[PATCH 4.9 20/22] panic: avoid deadlocks in re-entrant console drivers

From: Greg Kroah-Hartman
Date: Fri Dec 28 2018 - 07:18:51 EST


4.9-stable review patch. If anyone has any objections, please let me know.

------------------

From: Sergey Senozhatsky <sergey.senozhatsky.work@xxxxxxxxx>

commit c7c3f05e341a9a2bd1a92993d4f996cfd6e7348e upstream.

>From printk()/serial console point of view panic() is special, because
it may force CPU to re-enter printk() or/and serial console driver.
Therefore, some of serial consoles drivers are re-entrant. E.g. 8250:

serial8250_console_write()
{
if (port->sysrq)
locked = 0;
else if (oops_in_progress)
locked = spin_trylock_irqsave(&port->lock, flags);
else
spin_lock_irqsave(&port->lock, flags);
...
}

panic() does set oops_in_progress via bust_spinlocks(1), so in theory
we should be able to re-enter serial console driver from panic():

CPU0
<NMI>
uart_console_write()
serial8250_console_write() // if (oops_in_progress)
// spin_trylock_irqsave()
call_console_drivers()
console_unlock()
console_flush_on_panic()
bust_spinlocks(1) // oops_in_progress++
panic()
<NMI/>
spin_lock_irqsave(&port->lock, flags) // spin_lock_irqsave()
serial8250_console_write()
call_console_drivers()
console_unlock()
printk()
...

However, this does not happen and we deadlock in serial console on
port->lock spinlock. And the problem is that console_flush_on_panic()
called after bust_spinlocks(0):

void panic(const char *fmt, ...)
{
bust_spinlocks(1);
...
bust_spinlocks(0);
console_flush_on_panic();
...
}

bust_spinlocks(0) decrements oops_in_progress, so oops_in_progress
can go back to zero. Thus even re-entrant console drivers will simply
spin on port->lock spinlock.
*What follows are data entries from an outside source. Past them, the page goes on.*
lemma perturbed_diagonal_eigenvectors_orthogonal:
  fixes S :: "nat \<Rightarrow> nat \<Rightarrow> 'a::field"
  assumes sym: "\<And>i j. i < n \<Longrightarrow> j < n \<Longrightarrow> S i j = S j i"
    and d: "\<And>i. i < n \<Longrightarrow> d i \<noteq> 0"
    and x: "\<And>i. i < n \<Longrightarrow> d i * (x i + c * (\<Sum>j<n. S i j * x j)) = a * x i"
    and y: "\<And>i. i < n \<Longrightarrow> d i * (y i + c * (\<Sum>j<n. S i j * y j)) = b * y i"
    and "a \<noteq> b"
  shows "(\<Sum>i<n. x i * y i / d i) = 0"
proof -
  have pair: "(\<Sum>i<n. u i * v i) + c * (\<Sum>i<n. v i * (\<Sum>j<n. S i j * u j))
      = e * (\<Sum>i<n. u i * v i / d i)"
    if u: "\<And>i. i < n \<Longrightarrow> d i * (u i + c * (\<Sum>j<n. S i j * u j)) = e * u i" for u v e
  proof -
    have "u i * v i + c * (v i * (\<Sum>j<n. S i j * u j)) = e * (u i * v i / d i)" if "i < n" for i
    proof -
      have "u i + c * (\<Sum>j<n. S i j * u j) = e * u i / d i"
        using u[OF that] d[OF that] by (simp add: field_simps)
      then have "v i * (u i + c * (\<Sum>j<n. S i j * u j)) = v i * (e * u i / d i)" by simp
      then show ?thesis by (simp add: algebra_simps)
    qed
    then have "(\<Sum>i<n. u i * v i + c * (v i * (\<Sum>j<n. S i j * u j))) = (\<Sum>i<n. e * (u i * v i / d i))"
      by (intro sum.cong) auto
    then show ?thesis by (simp add: sum.distrib sum_distrib_left)
  qed
  have swap: "(\<Sum>i<n. y i * (\<Sum>j<n. S i j * x j)) = (\<Sum>i<n. x i * (\<Sum>j<n. S i j * y j))"
  proof -
    have "(\<Sum>i<n. y i * (\<Sum>j<n. S i j * x j)) = (\<Sum>j<n. \<Sum>i<n. y i * S i j * x j)"
      by (simp add: sum_distrib_left mult.assoc) (rule sum.swap)
    also have "\<dots> = (\<Sum>j<n. x j * (\<Sum>i<n. S j i * y i))"
      using sym by (auto simp: sum_distrib_left mult_ac intro!: sum.cong)
    finally show ?thesis .
  qed
  define B where "B = (\<Sum>i<n. x i * y i / d i)"
  have xy: "(\<Sum>i<n. x i * y i) = (\<Sum>i<n. y i * x i)" and yx: "(\<Sum>i<n. y i * x i / d i) = B"
    by (simp_all add: B_def mult.commute)
  have "a * B = (\<Sum>i<n. x i * y i) + c * (\<Sum>i<n. y i * (\<Sum>j<n. S i j * x j))"
    using pair[OF x, of y] by (simp add: B_def)
  also have "\<dots> = (\<Sum>i<n. y i * x i) + c * (\<Sum>i<n. x i * (\<Sum>j<n. S i j * y j))"
    by (simp only: xy swap)
  also have "\<dots> = b * B" using pair[OF y, of x] yx by simp
  finally have "(a - b) * B = 0" by (simp add: algebra_simps)
  then show ?thesis using \<open>a \<noteq> b\<close> by (simp add: B_def)
qed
Given that port->lock may already be
locked either by a stopped CPU, or by the very same CPU we execute
panic() on (for instance, NMI panic() on printing CPU) the system
deadlocks and does not reboot.

Fix this by removing bust_spinlocks(0), so oops_in_progress is always
set in panic() now and, thus, re-entrant console drivers will trylock
the port->lock instead of spinning on it forever, when we call them
from console_flush_on_panic().

Link: http://lkml.kernel.org/r/20181025101036.6823-1-sergey.senozhatsky@xxxxxxxxx
Cc: Steven Rostedt <rostedt@xxxxxxxxxxx>
Cc: Daniel Wang <wonderfly@xxxxxxxxxx>
Cc: Peter Zijlstra <peterz@xxxxxxxxxxxxx>
Cc: Andrew Morton <akpm@xxxxxxxxxxxxxxxxxxxx>
Cc: Linus Torvalds <torvalds@xxxxxxxxxxxxxxxxxxxx>
Cc: Greg Kroah-Hartman <gregkh@xxxxxxxxxxxxxxxxxxx>
Cc: Alan Cox <gnomes@xxxxxxxxxxxxxxxxxxx>
Cc: Jiri Slaby <jslaby@xxxxxxxx>
Cc: Peter Feiner <pfeiner@xxxxxxxxxx>
Cc: linux-serial@xxxxxxxxxxxxxxx
Cc: Sergey Senozhatsky <sergey.senozhatsky.work@xxxxxxxxx>
Cc: stable@xxxxxxxxxxxxxxx
Signed-off-by: Sergey Senozhatsky <sergey.senozhatsky@xxxxxxxxx>
Signed-off-by: Petr Mladek <pmladek@xxxxxxxx>
Signed-off-by: Greg Kroah-Hartman <gregkh@xxxxxxxxxxxxxxxxxxx>

---
kernel/panic.c | 6 +++++-
1 file changed, 5 insertions(+), 1 deletion(-)

--- a/kernel/panic.c
+++ b/kernel/panic.c
@@ -13,6 +13,7 @@
#include <linux/kmsg_dump.h>
#include <linux/kallsyms.h>
#include <linux/notifier.h>
+#include <linux/vt_kern.h>
#include <linux/module.h>
#include <linux/random.h>
#include <linux/ftrace.h>
@@ -228,7 +229,10 @@ void panic(const char *fmt, ...)
if (_crash_kexec_post_notifiers)
__crash_kexec(NULL);

- bust_spinlocks(0);
+#ifdef CONFIG_VT
+ unblank_screen();
+#endif
+ console_unblank();

/*
* We may have ended up stopping the CPU holding the lock (in